> **Work required**: Return every line below exactly, without dropping any.

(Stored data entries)
=== Begin Enclosure ===

lemma is_cycle_chain_length: "is_cycle_chain m B s L \<Longrightarrow> 2 \<le> length L"
  by (simp add: is_cycle_chain_def)

definition chain_has_period :: "(nat \<times> nat) list \<Rightarrow> nat \<Rightarrow> bool" where
  "chain_has_period L t \<longleftrightarrow> (\<forall>u. L ! ((u + t) mod length L) = L ! (u mod length L))"

lemma chain_period_eq_Least:
  "chain_period L = (LEAST e. 1 \<le> e \<and> e \<le> length L \<and> chain_has_period L e)"
  unfolding chain_period_def chain_has_period_def ..

lemma chain_has_period_ch:
  assumes "chain_has_period L t"
  shows "ch_i L (u + t) = ch_i L u" and "ch_j L (u + t) = ch_j L u"
  using assms by (simp_all add: chain_has_period_def ch_i_def ch_j_def)

lemma chain_has_period_length: "chain_has_period L (length L)"
  by (simp add: chain_has_period_def)

lemma chain_has_period_add:
  "chain_has_period L a \<Longrightarrow> chain_has_period L b \<Longrightarrow> chain_has_period L (a + b)"
  unfolding chain_has_period_def by (metis add.assoc)

lemma chain_has_period_mult:
  assumes "chain_has_period L e" shows "chain_has_period L (c * e)"
proof (induction c)
  case 0
  show ?case by (simp add: chain_has_period_def)
next
  case (Suc c)
  then show ?case using chain_has_period_add[OF assms] by simp
qed

lemma chain_has_period_mod:
  assumes a: "chain_has_period L a" and e: "chain_has_period L e"
  shows "chain_has_period L (a mod e)"
  unfolding chain_has_period_def
proof
  fix u
  have "L ! ((u + a mod e + a div e * e) mod length L) = L ! ((u + a mod e) mod length L)"
    using chain_has_period_mult[OF e, of "a div e"] unfolding chain_has_period_def by blast
  moreover have "u + a mod e + a div e * e = u + a" by simp
  ultimately show "L ! ((u + a mod e) mod length L) = L ! (u mod length L)"
    using a unfolding chain_has_period_def by metis
qed

lemma chain_period_props:
  assumes "0 < length L"
  shows "1 \<le> chain_period L" and "chain_period L \<le> length L"
    and "chain_has_period L (chain_period L)"
proof -
  have "1 \<le> length L \<and> length L \<le> length L \<and> chain_has_period L (length L)"
    using assms by (simp add: chain_has_period_length Suc_le_eq)
  then have "1 \<le> chain_period L \<and> chain_period L \<le> length L \<and> chain_has_period L (chain_period L)"
    unfolding chain_period_eq_Least by (rule LeastI)
  then show "1 \<le> chain_period L" "chain_period L \<le> length L"
    "chain_has_period L (chain_period L)" by auto
qed

lemma chain_period_dvd:
  assumes "0 < length L" and "chain_has_period L t"
  shows "chain_period L dvd t"
proof (rule ccontr)
  let ?e = "chain_period L"
  note e = chain_period_props[OF assms(1)]
  assume "\<not> ?e dvd t"
  then have "1 \<le> t mod ?e" by (simp add: dvd_eq_mod_eq_0)
  moreover have "t mod ?e < ?e" using e(1) by simp
  moreover have "chain_has_period L (t mod ?e)" by (rule chain_has_period_mod[OF assms(2) e(3)])
  ultimately have "?e \<le> t mod ?e"
    using e(2) unfolding chain_period_eq_Least by (intro Least_le) simp
  then show False using \<open>t mod ?e < ?e\<close> by simp
qed

lemma chain_n_mult_period:
  assumes "0 < length L" shows "chain_n L * chain_period L = length L"
  using chain_period_dvd[OF assms chain_has_period_length] unfolding chain_n_def by simp

lemma chain_n_pos: "0 < length L \<Longrightarrow> 0 < chain_n L"
  using chain_n_mult_period by (metis gr0I mult_0)

definition walk_offset :: "(nat \<Rightarrow> nat \<Rightarrow> int) \<Rightarrow> (nat \<times> nat) list \<Rightarrow> nat \<Rightarrow> int" where
  "walk_offset s L t = (\<Sum>u<t. s (ch_i L (Suc u)) (ch_j L u) - s (ch_i L u) (ch_j L u))"

lemma walk_x_eq_offset: "walk_x m s L r t = (r + walk_offset s L t) mod m"
proof (induction t)
  case (Suc t)
  have "walk_x m s L r (Suc t) = ((r + walk_offset s L t) mod m
      - s (ch_i L t) (ch_j L t) + s (ch_i L (Suc t)) (ch_j L t)) mod m"
    using Suc by simp
  also have "\<dots> = (r + walk_offset s L t
      - s (ch_i L t) (ch_j L t) + s (ch_i L (Suc t)) (ch_j L t)) mod m"
    by (metis mod_add_left_eq mod_diff_left_eq)
  also have "\<dots> = (r + walk_offset s L (Suc t)) mod m"
    by (simp add: walk_offset_def algebra_simps)
  finally show ?case .
qed (simp add: walk_offset_def)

=== End Enclosure ===

> **Solution**:
lemma is_cycle_chain_length: "is_cycle_chain m B s L \<Longrightarrow> 2 \<le> length L"
  by (simp add: is_cycle_chain_def)

definition chain_has_period :: "(nat \<times> nat) list \<Rightarrow> nat \<Rightarrow> bool" where
  "chain_has_period L t \<longleftrightarrow> (\<forall>u. L ! ((u + t) mod length L) = L ! (u mod length L))"

lemma chain_period_eq_Least:
  "chain_period L = (LEAST e. 1 \<le> e \<and> e \<le> length L \<and> chain_has_period L e)"
  unfolding chain_period_def chain_has_period_def ..

lemma chain_has_period_ch:
  assumes "chain_has_period L t"
  shows "ch_i L (u + t) = ch_i L u" and "ch_j L (u + t) = ch_j L u"
  using assms by (simp_all add: chain_has_period_def ch_i_def ch_j_def)

lemma chain_has_period_length: "chain_has_period L (length L)"
  by (simp add: chain_has_period_def)

lemma chain_has_period_add:
  "chain_has_period L a \<Longrightarrow> chain_has_period L b \<Longrightarrow> chain_has_period L (a + b)"
  unfolding chain_has_period_def by (metis add.assoc)

lemma chain_has_period_mult:
  assumes "chain_has_period L e" shows "chain_has_period L (c * e)"
proof (induction c)
  case 0
  show ?case by (simp add: chain_has_period_def)
next
  case (Suc c)
  then show ?case using chain_has_period_add[OF assms] by simp
qed

lemma chain_has_period_mod:
  assumes a: "chain_has_period L a" and e: "chain_has_period L e"
  shows "chain_has_period L (a mod e)"
  unfolding chain_has_period_def
proof
  fix u
  have "L ! ((u + a mod e + a div e * e) mod length L) = L ! ((u + a mod e) mod length L)"
    using chain_has_period_mult[OF e, of "a div e"] unfolding chain_has_period_def by blast
  moreover have "u + a mod e + a div e * e = u + a" by simp
  ultimately show "L ! ((u + a mod e) mod length L) = L ! (u mod length L)"
    using a unfolding chain_has_period_def by metis
qed

lemma chain_period_props:
  assumes "0 < length L"
  shows "1 \<le> chain_period L" and "chain_period L \<le> length L"
    and "chain_has_period L (chain_period L)"
proof -
  have "1 \<le> length L \<and> length L \<le> length L \<and> chain_has_period L (length L)"
    using assms by (simp add: chain_has_period_length Suc_le_eq)
  then have "1 \<le> chain_period L \<and> chain_period L \<le> length L \<and> chain_has_period L (chain_period L)"
    unfolding chain_period_eq_Least by (rule LeastI)
  then show "1 \<le> chain_period L" "chain_period L \<le> length L"
    "chain_has_period L (chain_period L)" by auto
qed

lemma chain_period_dvd:
  assumes "0 < length L" and "chain_has_period L t"
  shows "chain_period L dvd t"
proof (rule ccontr)
  let ?e = "chain_period L"
  note e = chain_period_props[OF assms(1)]
  assume "\<not> ?e dvd t"
  then have "1 \<le> t mod ?e" by (simp add: dvd_eq_mod_eq_0)
  moreover have "t mod ?e < ?e" using e(1) by simp
  moreover have "chain_has_period L (t mod ?e)" by (rule chain_has_period_mod[OF assms(2) e(3)])
  ultimately have "?e \<le> t mod ?e"
    using e(2) unfolding chain_period_eq_Least by (intro Least_le) simp
  then show False using \<open>t mod ?e < ?e\<close> by simp
qed

lemma chain_n_mult_period:
  assumes "0 < length L" shows "chain_n L * chain_period L = length L"
  using chain_period_dvd[OF assms chain_has_period_length] unfolding chain_n_def by simp

lemma chain_n_pos: "0 < length L \<Longrightarrow> 0 < chain_n L"
  using chain_n_mult_period by (metis gr0I mult_0)

definition walk_offset :: "(nat \<Rightarrow> nat \<Rightarrow> int) \<Rightarrow> (nat \<times> nat) list \<Rightarrow> nat \<Rightarrow> int" where
  "walk_offset s L t = (\<Sum>u<t. s (ch_i L (Suc u)) (ch_j L u) - s (ch_i L u) (ch_j L u))"

lemma walk_x_eq_offset: "walk_x m s L r t = (r + walk_offset s L t) mod m"
proof (induction t)
  case (Suc t)
  have "walk_x m s L r (Suc t) = ((r + walk_offset s L t) mod m
      - s (ch_i L t) (ch_j L t) + s (ch_i L (Suc t)) (ch_j L t)) mod m"
    using Suc by simp
  also have "\<dots> = (r + walk_offset s L t
      - s (ch_i L t) (ch_j L t) + s (ch_i L (Suc t)) (ch_j L t)) mod m"
    by (metis mod_add_left_eq mod_diff_left_eq)
  also have "\<dots> = (r + walk_offset s L (Suc t)) mod m"
    by (simp add: walk_offset_def algebra_simps)
  finally show ?case .
qed (simp add: walk_offset_def)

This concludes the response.